ON THE WALL: Visitors taking a look at the artworks on display at the exhibition.               Photos by Shaji

Antonia Rosati, Community Engagement Officer, UCL.

 

Qatar’s natural heritage in a different light

A UCL-Qatar project, involving students from local

schools, melds art and science to portray the

country’s flora and fauna in a unique perspective

By Umer Nangiana

 

Using microscopy and science, a University College of London Qatar (UCL-Qatar) project has allowed students from three local secondary schools to artistically portray flora and fauna specific to Qatar, forming its natural heritage.

The results of the project, the exuberant microscopic images taken from the Scanning Electron Microscope (SEM) artistically done by the students, have been put on display at an exhibition at Katara Art Centre (KAC), Building 5, at the Katara Cultural Complex. The exhibition is open to public until November 23.

Students from Al Ruqayya School, Qatar Canadian School and Doha College have created artworks to form the basis of the exhibition, named as ‘Qatar Natural Heritage under the Microscope: Designs based on Flora and Fauna found in Qatar.’

Around 60 designs and patterns extracted from microscopic images of local flora and fauna are displayed at the exhibition together with the study process. The programme was designed to bring together Qatari heritage, art and science.

Initiated by Antonia Rosati, UCL Community Engagement Officer (CEO), the exhibition was conceived and designed by Doha-based artist Mariana Heilmann. Mariana is an international artist and active member of the Doha art community.

“This project was a collaboration between our community engagement programme and Mariana Heilmann. We were basically trying to look at the ways to create a project that could bring out elements that we are interested in; and arts together, to make it an engaging process for students,” Rosati told Community.

UCL-Qatar’s main reason for being here, she said, is to teach people about cultural heritage and it offers various programmes on it. The Qatari natural heritage exhibition also involved Dr Aspasia Chatziefthimiou, an ecologist based in Weill Cornell Medical College in Qatar besides Philip Connolly, the Archaeologist Materials Science Laboratories technician at UCL-Qatar.

“Mariana’s interest is in microscopy so what she was thinking to do was to look at different elements of Qatari natural heritage and sort of doing investigation into this, using fabulous pieces of equipment that we have, the SEM, which helps open the students’ eyes to the kind of secret world within the natural world of Qatar,” said Rosati.

An Anglo-Columbian artist based in Doha, Mariana has exhibited and sold her work internationally over the past 20 years. In collaboration with Rosati, she designed the programme that merges art, science and heritage.

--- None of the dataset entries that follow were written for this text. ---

(* Let $k$ be a field and suppose $Y,Z$ are objects of $\mathcal S_2(k)$ of the same partition type $(\alpha,\beta,\gamma)$. (1) $\delta H(Y,Z)_X=0$ for $X=P_1^1$ and for $X=P_0^m$, $X=P_2^m$ for every $m\in\mathbb N$. (2) For every $r\ge1$, $\lim_{m\to\infty}\delta H(Y,Z)_{B_2^{m,r}}=\delta H(Y,Z)_{P_1^r}$.
   Context: For a partition $\alpha$ let $N_\alpha=\bigoplus_ik[T]/(T^{\alpha_i})$. $\mathcal S(k)$: objects are triples $(N_\alpha,N_\beta,f)$ with $f$ an injective $k[T]$-map; morphisms are pairs $(\psi_1,\psi_2)$ of $k[T]$-maps with $f'\psi_1=\psi_2f$. $\mathcal S_2(k)$: objects with $\alpha_1\le2$. Partition type $(\alpha,\beta,\gamma)$: $\operatorname{Coker}f\cong N_\gamma$. Pickets: $P_\ell^m=(N_{(\ell)},N_{(m)},\iota)$ for $0\le\ell\le\min\{2,m\}$, $\iota$ the inclusion of the unique $\ell$-dimensional $T$-invariant subspace. Bipickets: $B_2^{m,r}=(N_{(2)},N_{(m,r)},\delta)$ for $1\le r\le m-2$, with $\delta(1)=(T^{m-2},T^{r-1})$. For objects $X,Y,Z$ put $[X,Y]=\dim_k\operatorname{Hom}_{\mathcal S}(X,Y)$ and $\delta H(Y,Z)_X=[X,Z]-[X,Y]$. *)

theory Defs
  imports Complex_Main "HOL-Library.Function_Algebras" "HOL-Library.Product_Plus"
begin
theorem theorem2p1:
  fixes k :: nat and p :: "complex poly"
  assumes "k \<ge> 2"
    and "p \<in> {RS_P k, RS_Q k}"
  shows "(\<exists>S. S \<subseteq> {t. 0 \<le> t \<and> t < 2 * pi \<and> sqmod_on_circle p t = real (2 ^ k)}
              \<and> finite S \<and> real (card S) \<ge> real (2 ^ k) / 4 + 1)
       \<and> real (card {j \<in> {0..<(2::nat) ^ k}. \<exists>t. 2 * pi * real j / real (2 ^ k) \<le> t
                \<and> t \<le> 2 * pi * real (j + 1) / real (2 ^ k)
                \<and> sqmod_on_circle p t = real (2 ^ k)}) \<ge> real (2 ^ k) / 2 + 2"
proof -
  obtain l where k: "k = l + 2" using assms(1) by (metis add.commute le_Suc_ex)
  have "p \<in> {RS_P (l + 2), RS_Q (l + 2)}" using assms(2) k by simp
  then obtain q where deg_q: "degree q < 2 ^ l"
    and alt: "\<And>i. sqmod_on_circle p (2 * pi * real i / 2 ^ (l + 2)) - 2 ^ (l + 2)
               = (-1) ^ i * ((cmod (poly q (cis (2 * pi * real i / 2 ^ (l + 2)))))\<^sup>2 - 2 ^ (l + 2))"
    using sqmod_RS_grid_alternating by blast
  define f where "f s = sqmod_on_circle p s - 2 ^ k" for s
  have n: "2 ^ k = 4 * (2::nat) ^ l" by (simp add: k power_add)
  have cont: "continuous_on UNIV f"
    unfolding f_def sqmod_on_circle_def by (intro continuous_intros)
  have periodic: "f (2 * pi) = f 0" by (simp add: f_def sqmod_on_circle_def)
  have alt_f: "f (2 * pi * real i / real (2 ^ k))
      = (-1) ^ i * ((cmod (poly q (cis (2 * pi * real i / real (2 ^ k)))))\<^sup>2 - 2 ^ k)" for i
    using alt[of i] by (simp add: f_def k)
  note counts = zero_counts_of_grid_alternation[OF n deg_q cont periodic alt_f]
  from counts(2) obtain S where S: "S \<subseteq> {s. 0 \<le> s \<and> s < 2 * pi \<and> f s = 0}" "finite S"
    "2 ^ l + 1 \<le> card S" by blast
  show ?thesis
  proof (intro conjI exI)
    show "S \<subseteq> {t. 0 \<le> t \<and> t < 2 * pi \<and> sqmod_on_circle p t = real (2 ^ k)}"
      using S(1) by (auto simp: f_def)
    show "real (2 ^ k) / 4 + 1 \<le> real (card S)"
      using of_nat_mono[where 'a = real, OF S(3)] by (simp add: k power_add)
    show "real (2 ^ k) / 2 + 2 \<le> real (card {j \<in> {0..<(2::nat) ^ k}.
            \<exists>t. 2 * pi * real j / real (2 ^ k) \<le> t \<and> t \<le> 2 * pi * real (j + 1) / real (2 ^ k)
                \<and> sqmod_on_circle p t = real (2 ^ k)})"
      using of_nat_mono[where 'a = real, OF counts(1)] by (simp add: f_def k power_add)
  qed fact
qed

end
(* Let $n,v\ge1$, $\mathcal{R}=\mathbb{F}_q[x_1,\dots,x_v]/\langle x_1^{i_1}\cdots x_v^{i_v}\mid i_1+\dots+i_v=n\rangle$, and let $I$ be an ideal of $\mathcal{R}$. Then the number of additive characters $\psi$ on $\mathcal{R}$ such that $I$ is the ideal maximally contained in $\ker(\psi)$ (i.e. $I$ is contained in $\ker\psi$ and contains every ideal of $\mathcal{R}$ contained in $\ker\psi$) is \[ \frac{|\mathcal{R}|}{|I|}\cdot\begin{cases}1 & \dim(\operatorname{Soc}(\mathcal{R}/I))=0,\\ 1-\frac1q & \dim(\operatorname{Soc}(\mathcal{R}/I))=1,\\ 0 & \text{otherwise.}\end{cases} \]
   Context: The socle $\operatorname{Soc}(\mathcal{R}/I)$ is the $\mathbb{F}_q$-subspace $\{f\in\mathcal{R}/I\mid x_1f=0,\dots,x_vf=0\}$ of $\mathcal{R}/I$, and $\dim$ denotes dimension over $\mathbb{F}_q$. An additive character is a homomorphism from $(\mathcal{R},+)$ to the complex unit circle. *)

theory Defs
  imports "HOL-Algebra.Ideal" "HOL-Library.Function_Algebras" Complex_Main
begin

text \<open>Model of R = F_q[x_1..x_v] / (monomials of total degree n): elements are
  coefficient functions on exponent vectors e (indices 0..v-1) of total degree < n.\<close>

definition Rmonos :: "nat \<Rightarrow> nat \<Rightarrow> (nat \<Rightarrow> nat) set" where
  "Rmonos v n = {e. (\<forall>i\<ge>v. e i = 0) \<and> (\<Sum>i<v. e i) < n}"

definition Rcar :: "nat \<Rightarrow> nat \<Rightarrow> ((nat \<Rightarrow> nat) \<Rightarrow> 'a::field) set" where
  "Rcar v n = {f. \<forall>e. e \<notin> Rmonos v n \<longrightarrow> f e = 0}"
lemma is_poly_over_frob_poly:
  assumes p: "is_poly_over S p"
  shows "is_poly_over S (frob_poly p)"
proof -
  have "finite {s. \<mu> s \<noteq> 0} \<and> {s. \<mu> s \<noteq> 0} \<subseteq> S" if "frob_poly p \<mu> \<noteq> 0" for \<mu>
  proof -
    have "\<mu> \<in> {\<mu>. frob_poly p \<mu> \<noteq> 0}" using that by simp
    then obtain \<nu> where "p \<nu> \<noteq> 0" "\<mu> = double_exp \<nu>" unfolding support_frob_poly by blast
    then show ?thesis using p by (simp add: double_exp_def is_poly_over_def)
  qed
  moreover have "finite {\<mu>. frob_poly p \<mu> \<noteq> 0}"
    using p by (simp add: support_frob_poly is_poly_over_def)
  ultimately show ?thesis unfolding is_poly_over_def by blast
qed

context field_embedding
begin

lemma poly_eval_superset:
  assumes "finite D" "{m. p m \<noteq> 0} \<subseteq> D"
  shows "poly_eval \<sigma> p = (\<Sum>m\<in>D. \<sigma> (p m) * monomial_value m)"
  unfolding poly_eval_def monomial_value_def
  by (rule sum.mono_neutral_left) (use assms in auto)

lemma poly_eval_zero: "poly_eval \<sigma> (\<lambda>m. 0) = 0"
  by (simp add: poly_eval_def)

lemma poly_eval_add:
  assumes "is_poly_over S p" "is_poly_over S q"
  shows "poly_eval \<sigma> (\<lambda>m. p m + q m) = poly_eval \<sigma> p + poly_eval \<sigma> q"
proof -
  let ?D = "{m. p m \<noteq> 0} \<union> {m. q m \<noteq> 0}"
  have D: "finite ?D" using assms by (auto simp: is_poly_over_def)
  have "poly_eval \<sigma> (\<lambda>m. p m + q m) = (\<Sum>m\<in>?D. \<sigma> (p m + q m) * monomial_value m)"
    by (rule poly_eval_superset[OF D]) auto
  also have "\<dots> = (\<Sum>m\<in>?D. \<sigma> (p m) * monomial_value m) + (\<Sum>m\<in>?D. \<sigma> (q m) * monomial_value m)"
    by (simp add: hom_add distrib_right sum.distrib)
  also have "\<dots> = poly_eval \<sigma> p + poly_eval \<sigma> q"
    by (simp add: poly_eval_superset[OF D])
  finally show ?thesis .
qed
(* Let $G$ be a planar graph with a fixed embedding in the plane, $u,v\in V(G)$, and let $P$ and $Q$ be internally disjoint $(u,v)$-paths in $G$. Suppose that $P$ is isometric and bypath-free in $H=G[R(P,Q)\cup V(P)\cup V(Q)]$, and that $Q$ is isometric in $H_Q=G[R(P,Q)\cup V(Q)]$. Then either $Q$ is bypath-free in $H_Q$, or there exists a bypath $B$ of $Q$ in $H_Q$ such that: (i) $P$ is isometric and bypath-free in $G[R(P,Q_{\langle B\rangle})\cup V(P)\cup V(Q_{\langle B\rangle})]$; (ii) $Q$ is isometric and bypath-free in $G[R(Q,Q_{\langle B\rangle})\cup V(Q)]$; (iii) $Q_{\langle B\rangle}$ is isometric in $G[R(P,Q_{\langle B\rangle})\cup V(Q_{\langle B\rangle})]$, and is isometric and bypath-free in $G[R(Q,Q_{\langle B\rangle})\cup V(Q_{\langle B\rangle})]$.
   Context: For two internally disjoint paths $P,Q$ with the same endpoints in the embedded planar graph $G$, $R(P,Q)$ denotes the set of vertices of $G$ lying in the interior of the disk bounded by the closed curve $P\cup Q$. A path $P$ in a graph $H$ is isometric in $H$ if $d_P(x,y)=d_H(x,y)$ for all $x,y\in V(P)$. For a graph $H$ and an isometric path $P=v_1\cdots v_k$ in $H$, a bypath of $P$ in $H$ is a path $B=b_1\cdots b_t$ with $t\ge3$, $V(B)\subseteq V(H)$, $b_1=v_i$, $b_t=v_j$ for some $i<j$ (the branching vertices), $V(B)\cap V(P)=\{v_i,v_j\}$, and such that $v_1\cdots v_ib_2\cdots b_{t-1}v_j\cdots v_k$ is also an isometric path in $H$; this path (obtained from $P$ by replacing its subpath between $v_i$ and $v_j$ by $B$) is denoted $P_{\langle B\rangle}$. $P$ is bypath-free in $H$ if $H$ contains no bypath of $P$. $G[X]$ is the subgraph induced by $X$. *)

theory Defs
  imports "HOL-Analysis.Analysis"
begin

Mariana’s experience and method of using scientific imagery as a starting point for designs exposes the students to learning about the world we live in from a very different angle. The programme was aimed at allowing people to take a closer look at the natural heritage of Qatar and appreciate the scene and it targets not just Qataris but expatriates as well. “It was also to give people a kind of view that science and art are very much interlinked,” said the UCL-Qatar’s Community Engagement Officer.

The expertise contributed by Dr Apasia and Philip Connolly allowed the project to be very specific to actual flora and fauna specimen found in Qatar.

Dr Aspasia generously contributed to the programme by putting together a diverse array of samples and information of some of the flora and fauna found in Qatar, the basis of this project.

Her research in Qatar focuses on the behaviour of bacteria adapted to life in the extreme climate of sand dunes, mangroves, wadis, rawdats, sabkhas and intertidal zones.

Connolly, on the other hand, has a wide range of experience in biological sciences, Chemistry as well as material science. He assisted with producing images from the SEM.

To create the images in the SEM, the sample often no more than a few milometers in size, is coated in a thin layer of gold. This gives the specimen a charge which makes it visible in the SEM. The specimen are placed in the SEM chamber under vacuum and scanned with an electron beam.

The signal resulting from each point in the scanned region is then processed and displayed as a monochrome image.  “When you see all the results together you realise that what an impact it could make,” said Rosati.

This, she added, is just a kind of primary project that we are working. “It went down so well with the students who we worked with and with the schools and with other people who are interested in science and arts that we would really like to expand and develop it,” said the UCL Qatar’s Community Engagement Officer.